**AIM OF THE TASK:** Reading the data below, count the lines that carry the string "list". Give nothing but the count.

═══ RECORDS FOR THIS TASK

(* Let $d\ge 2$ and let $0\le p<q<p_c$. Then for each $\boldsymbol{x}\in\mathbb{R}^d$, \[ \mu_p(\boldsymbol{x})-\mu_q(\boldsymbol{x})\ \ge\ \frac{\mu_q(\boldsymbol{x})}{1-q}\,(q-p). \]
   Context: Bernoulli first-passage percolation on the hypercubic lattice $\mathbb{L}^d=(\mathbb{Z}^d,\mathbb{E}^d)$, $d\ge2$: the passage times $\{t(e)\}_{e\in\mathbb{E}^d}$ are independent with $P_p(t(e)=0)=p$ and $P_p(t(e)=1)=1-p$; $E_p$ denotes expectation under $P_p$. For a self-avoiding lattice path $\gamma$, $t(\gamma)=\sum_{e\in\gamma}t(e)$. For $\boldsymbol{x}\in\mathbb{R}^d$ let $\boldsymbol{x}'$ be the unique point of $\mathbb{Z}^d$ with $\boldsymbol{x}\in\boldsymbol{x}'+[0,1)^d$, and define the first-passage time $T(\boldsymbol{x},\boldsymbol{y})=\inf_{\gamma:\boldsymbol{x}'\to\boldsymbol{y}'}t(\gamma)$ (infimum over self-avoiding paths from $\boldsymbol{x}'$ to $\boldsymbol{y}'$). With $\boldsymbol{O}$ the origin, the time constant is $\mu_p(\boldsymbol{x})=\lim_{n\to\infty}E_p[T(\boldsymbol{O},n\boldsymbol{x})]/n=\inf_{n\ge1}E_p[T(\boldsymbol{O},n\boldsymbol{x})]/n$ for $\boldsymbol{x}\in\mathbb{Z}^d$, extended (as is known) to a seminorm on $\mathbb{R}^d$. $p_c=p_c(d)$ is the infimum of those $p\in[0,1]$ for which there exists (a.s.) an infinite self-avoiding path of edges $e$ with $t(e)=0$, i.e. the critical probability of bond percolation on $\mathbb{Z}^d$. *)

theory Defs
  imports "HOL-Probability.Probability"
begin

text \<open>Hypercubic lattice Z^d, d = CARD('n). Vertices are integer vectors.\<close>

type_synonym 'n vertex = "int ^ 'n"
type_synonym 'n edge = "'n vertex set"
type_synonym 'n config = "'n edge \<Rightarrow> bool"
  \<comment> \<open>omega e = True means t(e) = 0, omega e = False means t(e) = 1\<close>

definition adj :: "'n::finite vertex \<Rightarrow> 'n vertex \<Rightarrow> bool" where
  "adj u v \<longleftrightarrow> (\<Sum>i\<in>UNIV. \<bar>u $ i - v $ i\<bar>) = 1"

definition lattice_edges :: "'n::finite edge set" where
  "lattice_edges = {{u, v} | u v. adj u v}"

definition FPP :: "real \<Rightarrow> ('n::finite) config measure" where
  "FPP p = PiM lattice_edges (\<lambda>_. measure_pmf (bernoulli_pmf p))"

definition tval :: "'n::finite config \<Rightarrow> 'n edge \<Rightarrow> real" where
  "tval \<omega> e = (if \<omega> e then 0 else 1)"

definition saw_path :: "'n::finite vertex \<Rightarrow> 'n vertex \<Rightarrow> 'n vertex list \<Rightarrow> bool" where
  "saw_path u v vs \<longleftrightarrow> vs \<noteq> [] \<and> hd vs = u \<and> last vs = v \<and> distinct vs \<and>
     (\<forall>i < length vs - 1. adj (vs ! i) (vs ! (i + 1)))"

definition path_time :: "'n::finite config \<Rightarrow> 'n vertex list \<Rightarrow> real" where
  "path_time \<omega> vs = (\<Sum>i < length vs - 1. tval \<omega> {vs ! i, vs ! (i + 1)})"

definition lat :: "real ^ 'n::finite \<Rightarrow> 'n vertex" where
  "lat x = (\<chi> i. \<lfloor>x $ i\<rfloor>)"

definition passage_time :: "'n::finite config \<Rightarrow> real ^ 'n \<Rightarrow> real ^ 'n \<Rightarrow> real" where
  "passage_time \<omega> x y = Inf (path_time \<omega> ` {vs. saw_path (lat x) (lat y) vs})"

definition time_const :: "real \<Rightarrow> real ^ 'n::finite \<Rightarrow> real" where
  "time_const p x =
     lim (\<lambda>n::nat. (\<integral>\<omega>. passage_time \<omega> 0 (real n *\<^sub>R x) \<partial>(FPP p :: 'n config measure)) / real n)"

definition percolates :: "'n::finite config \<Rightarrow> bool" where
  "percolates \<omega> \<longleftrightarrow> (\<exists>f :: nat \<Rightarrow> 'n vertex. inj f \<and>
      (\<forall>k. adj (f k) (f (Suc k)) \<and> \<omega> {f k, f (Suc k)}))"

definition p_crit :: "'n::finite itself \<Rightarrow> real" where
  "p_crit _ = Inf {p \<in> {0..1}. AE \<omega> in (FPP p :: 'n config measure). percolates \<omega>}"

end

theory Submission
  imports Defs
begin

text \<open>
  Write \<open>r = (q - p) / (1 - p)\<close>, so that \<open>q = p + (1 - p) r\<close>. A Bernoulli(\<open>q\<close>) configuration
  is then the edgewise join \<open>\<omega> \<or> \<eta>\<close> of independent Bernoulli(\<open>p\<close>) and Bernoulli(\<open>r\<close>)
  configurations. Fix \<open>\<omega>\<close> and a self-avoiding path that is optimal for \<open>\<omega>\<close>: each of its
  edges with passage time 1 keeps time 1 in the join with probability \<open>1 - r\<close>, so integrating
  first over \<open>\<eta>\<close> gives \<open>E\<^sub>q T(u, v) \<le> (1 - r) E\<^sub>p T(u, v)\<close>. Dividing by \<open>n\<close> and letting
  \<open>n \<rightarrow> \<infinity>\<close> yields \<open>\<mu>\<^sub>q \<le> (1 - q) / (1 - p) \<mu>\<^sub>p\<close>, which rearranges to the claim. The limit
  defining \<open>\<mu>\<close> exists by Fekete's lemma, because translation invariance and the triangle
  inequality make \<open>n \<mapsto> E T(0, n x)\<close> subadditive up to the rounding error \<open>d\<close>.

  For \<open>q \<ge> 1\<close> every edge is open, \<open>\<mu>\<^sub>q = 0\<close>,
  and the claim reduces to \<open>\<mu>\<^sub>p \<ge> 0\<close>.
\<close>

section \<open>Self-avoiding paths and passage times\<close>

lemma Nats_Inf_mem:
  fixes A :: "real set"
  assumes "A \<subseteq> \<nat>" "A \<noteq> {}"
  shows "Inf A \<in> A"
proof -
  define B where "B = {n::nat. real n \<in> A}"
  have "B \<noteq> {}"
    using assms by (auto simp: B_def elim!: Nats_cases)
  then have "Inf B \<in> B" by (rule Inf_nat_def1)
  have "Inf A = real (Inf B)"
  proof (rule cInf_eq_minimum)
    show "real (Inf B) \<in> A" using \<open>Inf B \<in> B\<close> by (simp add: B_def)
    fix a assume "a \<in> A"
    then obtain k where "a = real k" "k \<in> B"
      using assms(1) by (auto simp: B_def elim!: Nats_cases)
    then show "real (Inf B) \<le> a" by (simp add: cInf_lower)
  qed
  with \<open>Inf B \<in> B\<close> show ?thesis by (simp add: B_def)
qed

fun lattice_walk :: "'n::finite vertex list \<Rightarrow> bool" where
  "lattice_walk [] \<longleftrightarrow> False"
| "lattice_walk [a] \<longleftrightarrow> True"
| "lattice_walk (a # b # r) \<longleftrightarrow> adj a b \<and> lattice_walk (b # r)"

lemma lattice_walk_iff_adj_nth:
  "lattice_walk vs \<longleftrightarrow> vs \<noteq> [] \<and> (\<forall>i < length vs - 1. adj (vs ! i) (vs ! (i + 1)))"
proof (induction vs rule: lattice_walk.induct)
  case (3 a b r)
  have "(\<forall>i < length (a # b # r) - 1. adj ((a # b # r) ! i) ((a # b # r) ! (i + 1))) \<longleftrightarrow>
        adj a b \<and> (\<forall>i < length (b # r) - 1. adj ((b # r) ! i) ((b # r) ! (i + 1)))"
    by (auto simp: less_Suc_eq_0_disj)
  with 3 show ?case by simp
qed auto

══════
═══ RECORDS FOR THIS TASK

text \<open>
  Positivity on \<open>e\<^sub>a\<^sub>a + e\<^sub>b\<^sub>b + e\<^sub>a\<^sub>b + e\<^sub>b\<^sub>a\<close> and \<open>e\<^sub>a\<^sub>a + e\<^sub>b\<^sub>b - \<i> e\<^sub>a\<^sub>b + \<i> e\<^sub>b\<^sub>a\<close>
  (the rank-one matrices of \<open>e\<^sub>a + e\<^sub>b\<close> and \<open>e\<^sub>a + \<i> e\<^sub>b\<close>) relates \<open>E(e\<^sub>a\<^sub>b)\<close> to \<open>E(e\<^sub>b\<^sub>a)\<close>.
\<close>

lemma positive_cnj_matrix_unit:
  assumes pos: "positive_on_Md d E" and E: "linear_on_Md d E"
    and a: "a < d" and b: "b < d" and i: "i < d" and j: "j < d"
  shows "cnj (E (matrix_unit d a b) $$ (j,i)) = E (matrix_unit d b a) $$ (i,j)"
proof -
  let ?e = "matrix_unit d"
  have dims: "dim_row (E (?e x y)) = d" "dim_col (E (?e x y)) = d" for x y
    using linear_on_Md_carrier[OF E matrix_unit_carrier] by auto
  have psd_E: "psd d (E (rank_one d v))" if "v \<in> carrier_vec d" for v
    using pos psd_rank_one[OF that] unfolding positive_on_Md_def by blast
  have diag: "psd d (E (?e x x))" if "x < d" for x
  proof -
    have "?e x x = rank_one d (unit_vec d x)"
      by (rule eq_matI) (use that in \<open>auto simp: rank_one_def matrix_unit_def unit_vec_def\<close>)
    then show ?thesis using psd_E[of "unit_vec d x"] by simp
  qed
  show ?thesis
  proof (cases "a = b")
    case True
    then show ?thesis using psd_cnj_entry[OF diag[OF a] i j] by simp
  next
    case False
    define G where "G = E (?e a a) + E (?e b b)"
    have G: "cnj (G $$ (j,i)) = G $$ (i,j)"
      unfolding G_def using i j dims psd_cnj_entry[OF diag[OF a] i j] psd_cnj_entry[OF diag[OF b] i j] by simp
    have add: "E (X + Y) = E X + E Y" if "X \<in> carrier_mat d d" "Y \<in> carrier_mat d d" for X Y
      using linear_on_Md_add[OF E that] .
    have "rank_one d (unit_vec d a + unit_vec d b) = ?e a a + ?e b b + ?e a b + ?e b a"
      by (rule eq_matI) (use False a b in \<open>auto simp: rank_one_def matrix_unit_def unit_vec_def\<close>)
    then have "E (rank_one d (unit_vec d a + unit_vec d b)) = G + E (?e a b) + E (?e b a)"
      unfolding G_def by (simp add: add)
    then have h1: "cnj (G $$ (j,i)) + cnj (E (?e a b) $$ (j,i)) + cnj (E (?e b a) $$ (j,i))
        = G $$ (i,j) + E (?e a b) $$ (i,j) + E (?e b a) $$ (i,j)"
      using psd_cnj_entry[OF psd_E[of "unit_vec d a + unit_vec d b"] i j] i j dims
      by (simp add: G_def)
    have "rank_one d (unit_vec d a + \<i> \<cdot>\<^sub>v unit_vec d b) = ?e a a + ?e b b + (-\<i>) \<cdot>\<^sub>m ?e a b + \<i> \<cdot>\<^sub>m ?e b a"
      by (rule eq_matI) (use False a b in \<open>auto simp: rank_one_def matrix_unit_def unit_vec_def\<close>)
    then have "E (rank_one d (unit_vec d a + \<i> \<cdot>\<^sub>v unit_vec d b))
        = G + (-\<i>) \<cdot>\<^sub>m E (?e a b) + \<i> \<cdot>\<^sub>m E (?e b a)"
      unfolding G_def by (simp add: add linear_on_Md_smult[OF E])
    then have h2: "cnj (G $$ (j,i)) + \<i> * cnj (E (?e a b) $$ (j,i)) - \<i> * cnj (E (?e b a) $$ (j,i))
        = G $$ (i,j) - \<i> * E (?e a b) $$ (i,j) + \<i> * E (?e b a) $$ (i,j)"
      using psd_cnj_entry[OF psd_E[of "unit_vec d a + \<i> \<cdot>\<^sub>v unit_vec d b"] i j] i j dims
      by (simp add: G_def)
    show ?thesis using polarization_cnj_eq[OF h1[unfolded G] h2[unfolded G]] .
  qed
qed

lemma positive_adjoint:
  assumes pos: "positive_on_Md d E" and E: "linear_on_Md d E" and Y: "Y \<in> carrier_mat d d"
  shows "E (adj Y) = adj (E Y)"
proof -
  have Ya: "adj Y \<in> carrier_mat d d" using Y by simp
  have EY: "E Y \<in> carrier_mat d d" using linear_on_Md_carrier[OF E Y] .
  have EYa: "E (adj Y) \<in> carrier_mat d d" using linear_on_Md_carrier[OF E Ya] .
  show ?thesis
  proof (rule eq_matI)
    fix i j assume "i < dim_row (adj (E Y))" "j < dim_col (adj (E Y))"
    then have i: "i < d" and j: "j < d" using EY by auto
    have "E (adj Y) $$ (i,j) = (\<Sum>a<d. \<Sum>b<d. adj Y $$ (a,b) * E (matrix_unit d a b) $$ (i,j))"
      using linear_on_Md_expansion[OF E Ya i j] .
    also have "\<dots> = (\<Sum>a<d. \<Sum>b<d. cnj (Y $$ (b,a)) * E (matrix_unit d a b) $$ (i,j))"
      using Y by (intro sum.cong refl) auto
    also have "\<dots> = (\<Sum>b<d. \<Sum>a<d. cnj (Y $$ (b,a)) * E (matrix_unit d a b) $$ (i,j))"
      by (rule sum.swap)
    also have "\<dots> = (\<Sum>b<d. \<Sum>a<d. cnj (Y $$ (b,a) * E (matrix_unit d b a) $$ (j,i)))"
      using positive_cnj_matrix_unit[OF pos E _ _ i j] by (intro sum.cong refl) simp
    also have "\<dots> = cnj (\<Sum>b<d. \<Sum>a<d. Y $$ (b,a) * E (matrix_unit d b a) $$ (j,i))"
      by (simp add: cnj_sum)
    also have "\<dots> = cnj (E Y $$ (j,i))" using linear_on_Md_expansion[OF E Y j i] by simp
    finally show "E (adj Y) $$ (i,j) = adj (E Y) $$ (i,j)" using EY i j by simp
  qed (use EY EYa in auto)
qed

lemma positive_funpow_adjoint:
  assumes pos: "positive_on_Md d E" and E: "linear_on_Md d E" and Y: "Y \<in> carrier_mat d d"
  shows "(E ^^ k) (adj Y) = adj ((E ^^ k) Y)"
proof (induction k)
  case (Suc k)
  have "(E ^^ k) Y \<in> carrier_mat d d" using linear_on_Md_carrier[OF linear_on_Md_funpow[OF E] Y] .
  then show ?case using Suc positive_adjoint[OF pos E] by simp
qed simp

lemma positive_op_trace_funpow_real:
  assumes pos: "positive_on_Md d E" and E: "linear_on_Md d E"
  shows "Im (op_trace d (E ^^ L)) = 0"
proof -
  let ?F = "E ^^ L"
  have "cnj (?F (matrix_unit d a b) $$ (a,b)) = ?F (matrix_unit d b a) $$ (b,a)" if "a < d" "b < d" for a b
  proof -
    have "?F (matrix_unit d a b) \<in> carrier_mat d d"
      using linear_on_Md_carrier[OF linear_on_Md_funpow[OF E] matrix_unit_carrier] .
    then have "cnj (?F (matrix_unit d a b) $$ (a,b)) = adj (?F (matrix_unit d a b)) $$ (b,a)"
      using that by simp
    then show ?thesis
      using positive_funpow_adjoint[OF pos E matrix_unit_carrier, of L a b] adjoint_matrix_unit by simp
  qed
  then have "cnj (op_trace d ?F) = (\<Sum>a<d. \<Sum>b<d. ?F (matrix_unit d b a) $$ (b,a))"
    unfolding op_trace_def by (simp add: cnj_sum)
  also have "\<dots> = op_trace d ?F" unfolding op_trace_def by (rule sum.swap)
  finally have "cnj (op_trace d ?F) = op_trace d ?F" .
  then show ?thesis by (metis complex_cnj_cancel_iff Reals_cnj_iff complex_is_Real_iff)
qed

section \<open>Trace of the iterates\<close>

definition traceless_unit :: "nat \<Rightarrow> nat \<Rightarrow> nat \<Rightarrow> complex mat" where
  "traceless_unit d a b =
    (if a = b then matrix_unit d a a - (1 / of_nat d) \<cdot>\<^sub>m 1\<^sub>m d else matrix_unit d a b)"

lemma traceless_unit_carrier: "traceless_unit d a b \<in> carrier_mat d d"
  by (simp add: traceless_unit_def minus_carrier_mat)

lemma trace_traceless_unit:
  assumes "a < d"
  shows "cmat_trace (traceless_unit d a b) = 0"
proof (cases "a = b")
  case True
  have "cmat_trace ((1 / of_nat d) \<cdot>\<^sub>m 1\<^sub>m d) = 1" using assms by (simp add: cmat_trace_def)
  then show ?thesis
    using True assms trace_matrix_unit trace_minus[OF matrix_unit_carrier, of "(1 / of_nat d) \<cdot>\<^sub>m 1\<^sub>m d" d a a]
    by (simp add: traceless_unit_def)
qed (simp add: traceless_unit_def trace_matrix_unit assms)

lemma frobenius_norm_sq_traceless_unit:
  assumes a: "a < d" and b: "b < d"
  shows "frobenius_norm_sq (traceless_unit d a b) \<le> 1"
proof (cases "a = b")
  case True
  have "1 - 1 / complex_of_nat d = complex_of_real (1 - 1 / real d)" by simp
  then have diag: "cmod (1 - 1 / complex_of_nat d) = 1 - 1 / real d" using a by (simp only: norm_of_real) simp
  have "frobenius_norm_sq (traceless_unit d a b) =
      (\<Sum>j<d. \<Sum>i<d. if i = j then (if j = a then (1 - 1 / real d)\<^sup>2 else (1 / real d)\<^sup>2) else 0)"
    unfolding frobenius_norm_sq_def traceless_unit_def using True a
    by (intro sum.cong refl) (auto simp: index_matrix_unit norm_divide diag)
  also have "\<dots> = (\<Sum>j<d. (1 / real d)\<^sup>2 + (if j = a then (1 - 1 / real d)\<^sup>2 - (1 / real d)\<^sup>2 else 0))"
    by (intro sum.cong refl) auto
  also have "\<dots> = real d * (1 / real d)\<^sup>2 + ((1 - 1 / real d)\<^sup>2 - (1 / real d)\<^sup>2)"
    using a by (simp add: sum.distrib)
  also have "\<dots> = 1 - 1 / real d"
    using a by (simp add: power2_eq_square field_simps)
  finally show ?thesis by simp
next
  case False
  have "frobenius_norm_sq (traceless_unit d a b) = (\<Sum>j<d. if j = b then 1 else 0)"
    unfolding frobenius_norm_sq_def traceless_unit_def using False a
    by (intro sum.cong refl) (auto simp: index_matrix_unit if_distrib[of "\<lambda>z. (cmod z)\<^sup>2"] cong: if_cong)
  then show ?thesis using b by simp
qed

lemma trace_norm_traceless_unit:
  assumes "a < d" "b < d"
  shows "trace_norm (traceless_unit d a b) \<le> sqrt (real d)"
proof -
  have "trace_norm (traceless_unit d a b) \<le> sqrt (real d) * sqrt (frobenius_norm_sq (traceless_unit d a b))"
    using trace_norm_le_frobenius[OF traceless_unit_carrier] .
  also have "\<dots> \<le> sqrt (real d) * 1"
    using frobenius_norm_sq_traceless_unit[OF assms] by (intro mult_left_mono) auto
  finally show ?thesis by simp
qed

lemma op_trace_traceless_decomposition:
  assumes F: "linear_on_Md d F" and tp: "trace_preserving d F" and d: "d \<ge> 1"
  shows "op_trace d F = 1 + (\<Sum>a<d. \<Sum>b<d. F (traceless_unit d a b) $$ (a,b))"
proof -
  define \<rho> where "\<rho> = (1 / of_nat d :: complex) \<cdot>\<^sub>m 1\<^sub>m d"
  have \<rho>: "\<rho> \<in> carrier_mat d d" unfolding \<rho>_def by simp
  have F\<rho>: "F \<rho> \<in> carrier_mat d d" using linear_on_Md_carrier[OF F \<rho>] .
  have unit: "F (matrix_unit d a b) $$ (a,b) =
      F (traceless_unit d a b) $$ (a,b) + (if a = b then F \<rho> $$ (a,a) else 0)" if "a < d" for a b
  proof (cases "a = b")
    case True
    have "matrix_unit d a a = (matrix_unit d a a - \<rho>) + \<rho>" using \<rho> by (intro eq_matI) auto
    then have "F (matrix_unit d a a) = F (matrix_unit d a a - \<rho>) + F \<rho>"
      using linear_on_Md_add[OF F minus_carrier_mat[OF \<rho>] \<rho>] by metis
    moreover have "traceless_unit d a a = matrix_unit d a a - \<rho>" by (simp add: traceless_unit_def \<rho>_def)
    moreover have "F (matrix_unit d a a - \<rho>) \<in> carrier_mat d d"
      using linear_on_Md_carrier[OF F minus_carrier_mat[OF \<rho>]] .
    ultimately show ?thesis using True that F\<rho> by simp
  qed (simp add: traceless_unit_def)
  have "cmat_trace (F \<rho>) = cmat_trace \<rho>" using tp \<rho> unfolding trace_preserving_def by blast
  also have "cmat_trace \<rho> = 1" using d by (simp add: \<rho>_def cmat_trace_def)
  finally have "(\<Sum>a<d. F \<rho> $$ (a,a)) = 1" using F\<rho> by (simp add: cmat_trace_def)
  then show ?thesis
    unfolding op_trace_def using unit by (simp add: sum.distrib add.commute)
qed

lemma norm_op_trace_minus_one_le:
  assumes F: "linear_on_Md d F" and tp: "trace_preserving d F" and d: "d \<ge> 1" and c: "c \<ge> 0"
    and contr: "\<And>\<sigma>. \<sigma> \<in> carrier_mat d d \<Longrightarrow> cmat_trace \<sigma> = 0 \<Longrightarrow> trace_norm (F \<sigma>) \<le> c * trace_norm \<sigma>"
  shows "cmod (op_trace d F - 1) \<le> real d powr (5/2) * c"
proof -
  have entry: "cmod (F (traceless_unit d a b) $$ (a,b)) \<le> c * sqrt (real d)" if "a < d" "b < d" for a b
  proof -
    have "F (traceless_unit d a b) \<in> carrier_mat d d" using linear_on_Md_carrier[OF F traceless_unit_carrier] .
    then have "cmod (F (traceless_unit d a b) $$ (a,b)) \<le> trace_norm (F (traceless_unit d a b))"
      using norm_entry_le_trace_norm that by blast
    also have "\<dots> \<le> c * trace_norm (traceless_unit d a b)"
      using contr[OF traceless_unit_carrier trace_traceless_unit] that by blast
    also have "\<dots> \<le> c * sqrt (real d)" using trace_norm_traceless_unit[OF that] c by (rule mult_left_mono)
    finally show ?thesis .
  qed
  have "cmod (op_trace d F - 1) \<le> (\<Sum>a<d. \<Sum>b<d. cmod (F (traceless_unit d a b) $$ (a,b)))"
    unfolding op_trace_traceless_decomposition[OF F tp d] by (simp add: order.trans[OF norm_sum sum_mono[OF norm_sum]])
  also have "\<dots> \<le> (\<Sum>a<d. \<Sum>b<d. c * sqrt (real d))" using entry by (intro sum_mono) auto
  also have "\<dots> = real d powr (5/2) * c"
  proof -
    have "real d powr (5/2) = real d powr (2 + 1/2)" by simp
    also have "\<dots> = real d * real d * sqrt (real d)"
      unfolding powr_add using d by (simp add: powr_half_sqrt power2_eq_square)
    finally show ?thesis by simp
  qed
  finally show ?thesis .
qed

══════

**ANSWER BELOW:** 3